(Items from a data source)
= Beginning of Section =

text \<open>A map moving every point by a left translation from a finite set T cuts the group into
  finitely many pieces, each translated by a single element of T; by invariance and additivity
  its image has full measure.\<close>
lemma injective_displacement_full_measure:
  assumes T: "finite T" "T \<subseteq> carrier H"
    and f: "inj_on f (carrier H)" "\<And>h. h \<in> carrier H \<Longrightarrow> f h \<in> T #> h"
  shows "\<mu> (f ` carrier H) = 1"
proof -
  have "\<forall>h\<in>carrier H. \<exists>t. t \<in> T \<and> f h = t \<otimes> h" using f(2) unfolding r_coset_def by blast
  from bchoice[OF this] obtain \<tau> where \<tau>: "\<forall>h\<in>carrier H. \<tau> h \<in> T \<and> f h = \<tau> h \<otimes> h"
    by blast
  define P where "P t = {h \<in> carrier H. \<tau> h = t}" for t
  have P: "P t \<subseteq> carrier H" for t unfolding P_def by auto
  have image: "f ` carrier H = (\<Union>t\<in>T. t <# P t)"
    using \<tau> unfolding P_def l_coset_def by force
  have "disjoint_family_on (\<lambda>t. t <# P t) T"
    unfolding disjoint_family_on_def
  proof (intro ballI impI)
    fix t t' assume tt': "t \<in> T" "t' \<in> T" "t \<noteq> t'"
    show "(t <# P t) \<inter> (t' <# P t') = {}"
    proof (rule ccontr)
      assume "(t <# P t) \<inter> (t' <# P t') \<noteq> {}"
      then obtain h h' where hh': "h \<in> P t" "h' \<in> P t'" "t \<otimes> h = t' \<otimes> h'"
        unfolding l_coset_def by blast
      hence "f h = f h'" "h \<in> carrier H" "h' \<in> carrier H" using \<tau> unfolding P_def by auto
      hence "h = h'" using f(1) by (auto dest: inj_onD)
      thus False using hh' tt' unfolding P_def by simp
    qed
  qed
  moreover have "t <# P t \<subseteq> carrier H" if "t \<in> T" for t using l_coset_subset_G[OF P] T(2) that by blast
  ultimately have "\<mu> (f ` carrier H) = (\<Sum>t\<in>T. \<mu> (t <# P t))"
    unfolding image using T(1) by (intro measure_disjoint_UN)
  also have "\<dots> = (\<Sum>t\<in>T. \<mu> (P t))" using T(2) P left_invariant by (intro sum.cong) auto
  also have "\<dots> = \<mu> (\<Union>t\<in>T. P t)"
    using T P by (intro measure_disjoint_UN[symmetric]) (auto simp: disjoint_family_on_def P_def)
  also have "(\<Union>t\<in>T. P t) = carrier H" using \<tau> unfolding P_def by auto
  finally show ?thesis using total by simp
qed

lemma no_injective_doubling:
  assumes T: "finite T" "T \<subseteq> carrier H"
    and f: "inj_on f (carrier H \<times> (UNIV :: bool set))"
      "\<And>h i. h \<in> carrier H \<Longrightarrow> f (h, i) \<in> T #> h"
  shows False
proof -
  define Im where "Im i = (\<lambda>h. f (h, i)) ` carrier H" for i
  have inj: "inj_on (\<lambda>h. f (h, i)) (carrier H)" for i using f(1) by (auto simp: inj_on_def)
  have Im: "\<mu> (Im i) = 1" for i
    unfolding Im_def using injective_displacement_full_measure[OF T inj] f(2) by simp
  have sub: "Im i \<subseteq> carrier H" for i using f(2) r_coset_subset_G[OF T(2)] unfolding Im_def by blast
  have "Im True \<inter> Im False = {}" using f(1) unfolding Im_def by (auto dest: inj_onD)
  hence "\<mu> (Im True \<union> Im False) = 2" using additive[OF sub sub] Im by simp
  moreover have "\<mu> (Im True \<union> Im False) \<le> 1" using measure_mono[of _ "carrier H"] sub total by simp
  ultimately show False by simp
qed

end

lemma amenable_imp_invariant_mean:
  assumes "group H" "amenable H" obtains \<mu> where "invariant_mean H \<mu>"
proof -
  from assms(2) obtain \<mu> :: "'a set \<Rightarrow> real" where
    "\<forall>A. A \<subseteq> carrier H \<longrightarrow> \<mu> A \<ge> 0" "\<mu> (carrier H) = 1"
    "\<forall>A B. A \<subseteq> carrier H \<and> B \<subseteq> carrier H \<and> A \<inter> B = {} \<longrightarrow> \<mu> (A \<union> B) = \<mu> A + \<mu> B"
    "\<forall>g\<in>carrier H. \<forall>A. A \<subseteq> carrier H \<longrightarrow> \<mu> (g <#\<^bsub>H\<^esub> A) = \<mu> A"
    unfolding amenable_def by (elim exE conjE)
  hence "invariant_mean H \<mu>"
    by (intro invariant_mean.intro[OF assms(1)] invariant_mean_axioms.intro) simp_all
  thus thesis by (rule that)
qed

text \<open>Amenability yields Folner sets with doubling constant 2: otherwise Hall's theorem
  would produce an injective two-to-one compression by finitely many translations.\<close>
theorem amenable_left_folner:
  assumes "group H" "amenable H" "countable (carrier H)" "finite T" "T \<subseteq> carrier H"
  shows "\<exists>B. finite B \<and> B \<noteq> {} \<and> B \<subseteq> carrier H \<and> card (T <#>\<^bsub>H\<^esub> B) < 2 * card B"
proof (rule ccontr)
  assume no_folner: "\<not> ?thesis"
  obtain \<mu> where "invariant_mean H \<mu>" using amenable_imp_invariant_mean[OF assms(1,2)] .
  then interpret invariant_mean H \<mu> .
  define L where "L = carrier H \<times> (UNIV :: bool set)"
  define N where "N v = T #>\<^bsub>H\<^esub> fst v" for v :: "'a \<times> bool"
  have "\<forall>Q\<subseteq>L. finite Q \<longrightarrow> card Q \<le> card (\<Union>(N ` Q))"
  proof (intro allI impI)
    fix Q assume Q: "Q \<subseteq> L" "finite Q"
    define B where "B = fst ` Q"
    have B: "finite B" "B \<subseteq> carrier H" using Q unfolding B_def L_def by auto
    have "card Q \<le> card (B \<times> (UNIV :: bool set))"
      using B by (intro card_mono) (auto simp: B_def intro: rev_image_eqI)
    also have "\<dots> = 2 * card B" by (simp add: card_cartesian_product)
    also have "\<dots> \<le> card (T <#>\<^bsub>H\<^esub> B)"
    proof (cases "B = {}")
      case False
      hence "\<not> card (T <#>\<^bsub>H\<^esub> B) < 2 * card B" using no_folner B by blast
      thus ?thesis by simp
    qed simp
    also have "T <#>\<^bsub>H\<^esub> B = \<Union>(N ` Q)" unfolding set_mult_def r_coset_def N_def B_def by auto
    finally show "card Q \<le> card (\<Union>(N ` Q))" .
  qed
  moreover have "countable L" "\<forall>v\<in>L. finite (N v)" using assms(3,4) unfolding L_def N_def r_coset_def
    by auto
  ultimately obtain f where "inj_on f L" "\<forall>v\<in>L. f v \<in> N v" using hall_countable by blast
  thus False using no_injective_doubling[OF assms(4,5), of f] unfolding L_def N_def by auto
qed

theorem amenable_right_folner:
  assumes "group H" "amenable H" "countable (carrier H)" "finite T" "T \<subseteq> carrier H"
  shows "\<exists>A. finite A \<and> A \<noteq> {} \<and> A \<subseteq> carrier H \<and> card (A <#>\<^bsub>H\<^esub> T) < 2 * card A"
proof -
  interpret group H by fact
  obtain B where B: "finite B" "B \<noteq> {}" "B \<subseteq> carrier H"
    "card (set_inv\<^bsub>H\<^esub> T <#>\<^bsub>H\<^esub> B) < 2 * card B"
    using amenable_left_folner[OF assms(1-3) finite_set_inv set_inv_closed] assms(4,5) by blast
  have "set_inv\<^bsub>H\<^esub> B <#>\<^bsub>H\<^esub> T = set_inv\<^bsub>H\<^esub> (set_inv\<^bsub>H\<^esub> T <#>\<^bsub>H\<^esub> B)"
    using B(3) assms(5) by (simp add: set_inv_set_mult set_inv_closed set_inv_set_inv)
  hence "card (set_inv\<^bsub>H\<^esub> B <#>\<^bsub>H\<^esub> T) = card (set_inv\<^bsub>H\<^esub> T <#>\<^bsub>H\<^esub> B)"
    using B(3) assms(5) by (simp add: card_set_inv set_mult_closed set_inv_closed)
  moreover have "card (set_inv\<^bsub>H\<^esub> B) = card B" using B(3) by (rule card_set_inv)
  moreover have "set_inv\<^bsub>H\<^esub> B \<noteq> {}" using B(2) unfolding SET_INV_def by simp
  moreover have "finite (set_inv\<^bsub>H\<^esub> B)" "set_inv\<^bsub>H\<^esub> B \<subseteq> carrier H"
    using B(1,3) by (simp_all add: finite_set_inv set_inv_closed)
  ultimately show ?thesis using B(4) by (intro exI[of _ "set_inv\<^bsub>H\<^esub> B"]) simp
qed

section \<open>Normal forms in amalgamated products\<close>

definition list_prod :: "('a, 'b) monoid_scheme \<Rightarrow> 'a list \<Rightarrow> 'a" where
  "list_prod G l = foldr (\<lambda>x y. x \<otimes>\<^bsub>G\<^esub> y) l \<one>\<^bsub>G\<^esub>"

= End of Section =

WHAT YOU NEED TO DO
Show all lines in the records above that hold "total".

COMPLETED TASK
  finally show ?thesis using total by simp
  moreover have "\<mu> (Im True \<union> Im False) \<le> 1" using measure_mono[of _ "carrier H"] sub total by simp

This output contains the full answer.